* [Data to examine]
lemma ramsey_le_power:
  assumes "min a b \<le> K"
  shows "ramsey (Suc a) (Suc b) \<le> (a + b + 1) ^ K"
proof -
  have "(a + b) choose a = (a + b) choose min a b"
    using binomial_symmetric[of a "a + b"] by (cases "a \<le> b") auto
  also have "\<dots> \<le> (a + b) ^ min a b"
    by (intro binomial_le_pow) simp
  also have "\<dots> \<le> (a + b + 1) ^ min a b"
    by (intro power_mono) simp_all
  also have "\<dots> \<le> (a + b + 1) ^ K"
    using assms by (intro power_increasing) simp_all
  finally show ?thesis
    using ramsey_le_binomial le_trans by blast
qed

lemma finite_clique_cards: "finite {card S | S. S \<subseteq> {0..<n} \<and> is_clique E S}"
proof (rule finite_subset)
  show "{card S | S. S \<subseteq> {0..<n} \<and> is_clique E S} \<subseteq> {..card {0..<n}}"
    by (auto dest: card_mono[OF finite_atLeastLessThan])
qed simp

lemma card_le_clique_number:
  assumes "S \<subseteq> {0..<n}" "is_clique E S"
  shows "card S \<le> clique_number n E"
  unfolding clique_number_def using assms finite_clique_cards by (intro Max_ge) auto

lemma clique_number_le: "clique_number n E \<le> n"
proof -
  have "is_clique E {}"
    by (simp add: is_clique_def)
  then have "{card S | S. S \<subseteq> {0..<n} \<and> is_clique E S} \<noteq> {}"
    by blast
  then show ?thesis
    unfolding clique_number_def using finite_clique_cards
    by (intro Max.boundedI) (auto dest: card_mono[OF finite_atLeastLessThan])
qed

lemma clique_number_pos: "0 < n \<Longrightarrow> 0 < clique_number n E"
  using card_le_clique_number[of "{0}" n E] by (simp add: is_clique_def)

definition is_colouring :: "nat set \<Rightarrow> (nat set \<Rightarrow> bool) \<Rightarrow> nat \<Rightarrow> (nat \<Rightarrow> nat) \<Rightarrow> bool" where
  "is_colouring V E q c \<longleftrightarrow> (\<forall>v\<in>V. c v < q) \<and> (\<forall>u\<in>V. \<forall>v\<in>V. u \<noteq> v \<longrightarrow> E {u, v} \<longrightarrow> c u \<noteq> c v)"

lemma chromatic_number_le:
  assumes "is_colouring {0..<n} E q c"
  shows "chromatic_number n E \<le> q"
  unfolding chromatic_number_def using assms
  by (intro Least_le exI[of _ c]) (simp add: is_colouring_def)

lemma chromatic_number_le_card: "chromatic_number n E \<le> n"
  by (rule chromatic_number_le[of n E n id]) (simp add: is_colouring_def)

lemma ex_colouring_card:
  assumes "finite V" "card V \<le> q"
  shows "\<exists>c. is_colouring V E q c"
proof -
  obtain c where c: "bij_betw c V {0..<card V}"
    using ex_bij_betw_finite_nat[OF assms(1)] by blast
  have "c v < q" if "v \<in> V" for v
    using bij_betwE[OF c] that assms(2) by fastforce
  moreover have "c u \<noteq> c v" if "u \<in> V" "v \<in> V" "u \<noteq> v" for u v
    using inj_onD[OF bij_betw_imp_inj_on[OF c]] that by blast
  ultimately show ?thesis
    unfolding is_colouring_def by blast
qed

lemma is_colouring_Un_anticlique:
  assumes "is_colouring W E q c" "is_clique (\<lambda>e. \<not> E e) S"
  shows "is_colouring (W \<union> S) E (Suc q) (\<lambda>v. if v \<in> S then q else c v)"
  unfolding is_colouring_def
proof (intro conjI ballI impI)
  fix v
  assume "v \<in> W \<union> S"
  then show "(if v \<in> S then q else c v) < Suc q"
    using assms(1) by (auto simp: is_colouring_def)
next
  fix u v
  assume uv: "u \<in> W \<union> S" "v \<in> W \<union> S" "u \<noteq> v" "E {u, v}"
  have "\<not> (u \<in> S \<and> v \<in> S)"
    using assms(2) uv(3,4) unfolding is_clique_def by blast
  then show "(if u \<in> S then q else c u) \<noteq> (if v \<in> S then q else c v)"
    using assms(1) uv unfolding is_colouring_def by auto
qed

lemma greedy_colouring:
  assumes "0 < t" "finite V"
    and "\<And>W. W \<subseteq> V \<Longrightarrow> m \<le> card W \<Longrightarrow> \<exists>S\<subseteq>W. card S = t \<and> is_clique (\<lambda>e. \<not> E e) S"
  shows "\<exists>c. is_colouring V E (card V div t + m) c"
  using assms(2,3)
proof (induction "card V" arbitrary: V rule: less_induct)
  case less
  show ?case
  proof (cases "card V < m")
    case True
    then show ?thesis
      using ex_colouring_card[OF less.prems(1)] by simp
  next
    case False
    then obtain S where S: "S \<subseteq> V" "card S = t" "is_clique (\<lambda>e. \<not> E e) S"
      using less.prems(2)[of V] by auto
    have card_V: "card V = card (V - S) + t"
      using card_Diff_subset[OF finite_subset[OF S(1) less.prems(1)] S(1)]
        card_mono[OF less.prems(1) S(1)] S(2) by simp
    have "\<exists>c. is_colouring (V - S) E (card (V - S) div t + m) c"
    proof (rule less.hyps)
      show "card (V - S) < card V" "finite (V - S)"
        using card_V assms(1) less.prems(1) by simp_all
      show "\<And>W. W \<subseteq> V - S \<Longrightarrow> m \<le> card W \<Longrightarrow> \<exists>S\<subseteq>W. card S = t \<and> is_clique (\<lambda>e. \<not> E e) S"
        using less.prems(2) by blast
    qed
    then obtain c where "is_colouring (V - S) E (card (V - S) div t + m) c"
      by blast
    then have "is_colouring (V - S \<union> S) E (Suc (card (V - S) div t + m)) (\<lambda>v. if v \<in> S then card (V - S) div t + m else c v)"
      using S(3) by (rule is_colouring_Un_anticlique)
    moreover have "V - S \<union> S = V"
      using S(1) by blast
    moreover have "Suc (card (V - S) div t + m) = card V div t + m"
      using card_V assms(1) by simp
    ultimately show ?thesis
      by metis
  qed
qed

* [What you will do]
Your answer should be the lines from the one containing "c u) \<noteq>" through the last line of the records, repeated exactly and with nothing added.

* [Exercise solution]
  then show "(if u \<in> S then q else c u) \<noteq> (if v \<in> S then q else c v)"
    using assms(1) uv unfolding is_colouring_def by auto
qed

lemma greedy_colouring:
  assumes "0 < t" "finite V"
    and "\<And>W. W \<subseteq> V \<Longrightarrow> m \<le> card W \<Longrightarrow> \<exists>S\<subseteq>W. card S = t \<and> is_clique (\<lambda>e. \<not> E e) S"
  shows "\<exists>c. is_colouring V E (card V div t + m) c"
  using assms(2,3)
proof (induction "card V" arbitrary: V rule: less_induct)
  case less
  show ?case
  proof (cases "card V < m")
    case True
    then show ?thesis
      using ex_colouring_card[OF less.prems(1)] by simp
  next
    case False
    then obtain S where S: "S \<subseteq> V" "card S = t" "is_clique (\<lambda>e. \<not> E e) S"
      using less.prems(2)[of V] by auto
    have card_V: "card V = card (V - S) + t"
      using card_Diff_subset[OF finite_subset[OF S(1) less.prems(1)] S(1)]
        card_mono[OF less.prems(1) S(1)] S(2) by simp
    have "\<exists>c. is_colouring (V - S) E (card (V - S) div t + m) c"
    proof (rule less.hyps)
      show "card (V - S) < card V" "finite (V - S)"
        using card_V assms(1) less.prems(1) by simp_all
      show "\<And>W. W \<subseteq> V - S \<Longrightarrow> m \<le> card W \<Longrightarrow> \<exists>S\<subseteq>W. card S = t \<and> is_clique (\<lambda>e. \<not> E e) S"
        using less.prems(2) by blast
    qed
    then obtain c where "is_colouring (V - S) E (card (V - S) div t + m) c"
      by blast
    then have "is_colouring (V - S \<union> S) E (Suc (card (V - S) div t + m)) (\<lambda>v. if v \<in> S then card (V - S) div t + m else c v)"
      using S(3) by (rule is_colouring_Un_anticlique)
    moreover have "V - S \<union> S = V"
      using S(1) by blast
    moreover have "Suc (card (V - S) div t + m) = card V div t + m"
      using card_V assms(1) by simp
    ultimately show ?thesis
      by metis
  qed
qed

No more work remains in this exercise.